3.4. Thermal Properties of PBCM

The TG and DSC curves of PBCM crystals were measured in the air. Figure 7a shows the DSC curve of PBCM in the second cycle of the heating process. A weak endothermic step was displayed at 105 °C, which might be attributed to the glass transition temperature (T_g) resulting from the breaking of the multiple hydrogen bonds between molecules.

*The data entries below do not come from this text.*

lemma cycle_normal_form_eq_monomial_mat:
  assumes "\<sigma> permutes {..<N}"
  shows "cycle_normal_form N \<sigma> d
       = monomial_mat N \<sigma> (\<lambda>j. if j \<in> cycle_reps N \<sigma> then zeta N powi d j else 1)"
proof -
  have \<sigma>: "permutation \<sigma>"
    using assms by (rule permutes_imp_permutation[OF finite_lessThan])
  have fin: "finite (cycle_reps N \<sigma>)"
    by (simp add: cycle_reps_def)
  have "cycle_normal_form N \<sigma> d
      = monomial_mat N (perm_restrict \<sigma> (\<Union>i\<in>cycle_reps N \<sigma>. orbit \<sigma> i))
          (\<lambda>j. if j \<in> cycle_reps N \<sigma> then zeta N powi d j else 1)"
    unfolding cycle_normal_form_def using assms fin
    by (simp add: foldr_cycles_eq_monomial_mat)
  also have "\<dots> = monomial_mat N \<sigma> (\<lambda>j. if j \<in> cycle_reps N \<sigma> then zeta N powi d j else 1)"
  proof (rule monomial_mat_cong)
    fix j assume "j < N"
    then have "cycle_rep \<sigma> j \<in> cycle_reps N \<sigma>"
      by (rule cycle_rep_in_cycle_reps[OF assms])
    moreover have "j \<in> orbit \<sigma> (cycle_rep \<sigma> j)"
      using \<sigma> cycle_rep_in_orbit mem_orbit_iff by metis
    ultimately show "perm_restrict \<sigma> (\<Union>i\<in>cycle_reps N \<sigma>. orbit \<sigma> i) j = \<sigma> j"
      by (auto simp: perm_restrict_def)
  qed simp
  finally show ?thesis .
qed

theorem proposition5:
  fixes N :: nat and S :: "(nat \<Rightarrow> nat) set" and \<sigma> :: "nat \<Rightarrow> nat" and g :: "complex mat"
  assumes "prime N"
    and "\<forall>\<tau>\<in>S. \<tau> permutes {..<N}"
    and "\<sigma> \<in> S"
    and "g \<in> SLf N"
    and "num_cycles N \<sigma> \<ge> 2"
  shows "\<exists>d :: nat \<Rightarrow> int.
           conj_in N (SG N S) (perm_mat N \<sigma> * g) (cycle_normal_form N \<sigma> d)"
proof -
  have \<sigma>: "\<sigma> permutes {..<N}"
    using assms(2,3) by blast
  obtain e where g: "g = zeta_diag N e"
    using assms(4) Gfd_imp_zeta_diag by (auto simp: SLf_def)
  obtain a where a_dvd: "int N dvd (\<Sum>j<N. a j)"
    and a_cob: "\<And>j. j < N \<Longrightarrow> j \<notin> cycle_reps N \<sigma> \<Longrightarrow> a (\<sigma> j) + e j = a j"
    using exists_coboundary_with_sum_dvd[OF assms(1) \<sigma> assms(5)] by blast
  define d where "d j = a (\<sigma> j) + e j - a j" for j
  have "zeta_diag N a * (perm_mat N \<sigma> * g) * zeta_diag N (\<lambda>i. - a i)
      = monomial_mat N \<sigma> (\<lambda>j. zeta N powi d j)"
    unfolding g d_def using \<sigma>
    by (intro zeta_diag_conj_perm_mat) (metis permutes_in_image lessThan_iff)
  also have "\<dots> = cycle_normal_form N \<sigma> d"
    unfolding cycle_normal_form_eq_monomial_mat[OF \<sigma>]
    by (rule monomial_mat_cong) (simp_all add: d_def a_cob)
  finally have "zeta_diag N a * (perm_mat N \<sigma> * g) * zeta_diag N (\<lambda>i. - a i)
      = cycle_normal_form N \<sigma> d" .
  moreover have "zeta_diag N a \<in> SG N S" "zeta_diag N (\<lambda>i. - a i) \<in> SG N S"
    using a_dvd zeta_diag_in_SLf by (auto simp: SG_def sum_negf intro: gen_grp.gen)
  ultimately show ?thesis
    unfolding conj_in_def using zeta_diag_inverse by blast
qed

end
(* Let $y,l,u\in\mathcal{R}(\mathbb{R}^{+},\mathbb{R})$ be such that $l\leq u$ and $l_0\leq y_0\leq u_0$. Let $(\xi,\kappa)$ be the solution of $RP_l(y)$. Then for all $t\geq0$, $$\alpha^{l}(y)_t\vee\beta^{u}_{l}(y)_t=\alpha^{l}(y)_t+\Theta^u_l(\xi)_t.$$
   Context: A function $f:\mathbb{R}^+=[0,\infty)\to\mathbb{R}$ is regulated if it has a left limit $f_{t^-}$ at every $t>0$ and a right limit $f_{t^+}$ at every $t\geq0$; $\mathcal{R}(\mathbb{R}^{+},\mathbb{R})$ is the set of regulated functions. $a\wedge b=\min(a,b)$, $a\vee b=\max(a,b)$, $a^+=a\vee0$. Maps: $\alpha^{l}(y)_t=\inf_{s\leq t}\big((y_s-l_s)\wedge(y_{s^+}-l_{s^+})\wedge 0\big)$; $\beta^{u}_{l}(y)_t=\sup_{s\leq t}\Big(\big((y_s-u_s)\vee(y_{s^+}-u_{s^+})\big)\wedge\inf_{s\leq r\leq t}\big[\big((y_r-l_r)\wedge(y_{r^+}-l_{r^+})\big)\vee(y_r-u_r)\big]\Big)$; $\Theta^{u}_{l}(f)_t=\sup_{s\leq t}\Big(\big((f_s-u_s)\vee(f_{s^+}-u_{s^+})\big)^+\wedge\inf_{s\leq r\leq t}\big[\big((f_r-l_r)\wedge(f_{r^+}-l_{r^+})\big)\vee(f_r-u_r)\big]\Big)$. One-barrier problem $RP_l(y)$ (for $y,l$ regulated with $y_0\geq l_0$): the unique pair $(\xi,\kappa)$ with $\xi=y+\kappa\geq l$, $\kappa$ non-decreasing, right-continuous, $\kappa_0=0$, and $\int_{[0,\infty[}(\xi_s-l_s)\wedge(\xi_{s^+}-l_{s^+})\,d\kappa_s=0$; explicitly $\kappa=-\alpha^l(y)$. *)

theory Defs
  imports "HOL-Analysis.Analysis"
begin

text \<open>Functions on R+ = [0,inf) are modelled as real => real; values at negative
arguments are irrelevant (every notion below only looks at t >= 0).\<close>

definition regulated :: "(real \<Rightarrow> real) \<Rightarrow> bool" where
  "regulated f \<longleftrightarrow>
     (\<forall>t>0. \<exists>L. (f \<longlongrightarrow> L) (at_left t)) \<and>
     (\<forall>t\<ge>0. \<exists>L. (f \<longlongrightarrow> L) (at_right t))"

In addition, a sharp endothermic peak was observed at 280 °C, which corresponds to the melting temperature (T_m) of PBCM crystals. Thus, PBCM begins to melt at 251 °C and completes melting at 287 °C. The TG curve of PBCM, as shown in Figure 7b, had a small amount of weightlessness below 300 °C. However, with an increase in temperature, it exhibited a rapid weight loss. Nevertheless, PBCM exhibited great thermal stability, retaining 90% of its weight even when heated to 362 °C. Such a high T_m and good thermal stability of PBCM are attributed to the strong intermolecular interactions and compact packing structure in crystals.

4. Conclusions

We investigated the PL performances, single-crystal structure, and thermal properties of a D–A–D organic bimodal luminescent material, PBCM. Efficient cyan fluorescence from CT excitons and long-lived yellow RTP from the triplet excited state were both observed in its crystals. The CT effect in the singlet states was found to reduce the ∆E_st and promote the ISC processes, resulting in an efficient phosphorescence of PBCM at room temperature. In addition, the introduction of the D–A–D structure produces many strong intermolecular interactions between the donor and acceptor parts of adjacent molecules, leading to the rigid configurations and compact packing of molecules in crystals, which was also confirmed to facilitate the efficient bimodal emissions of PBCM.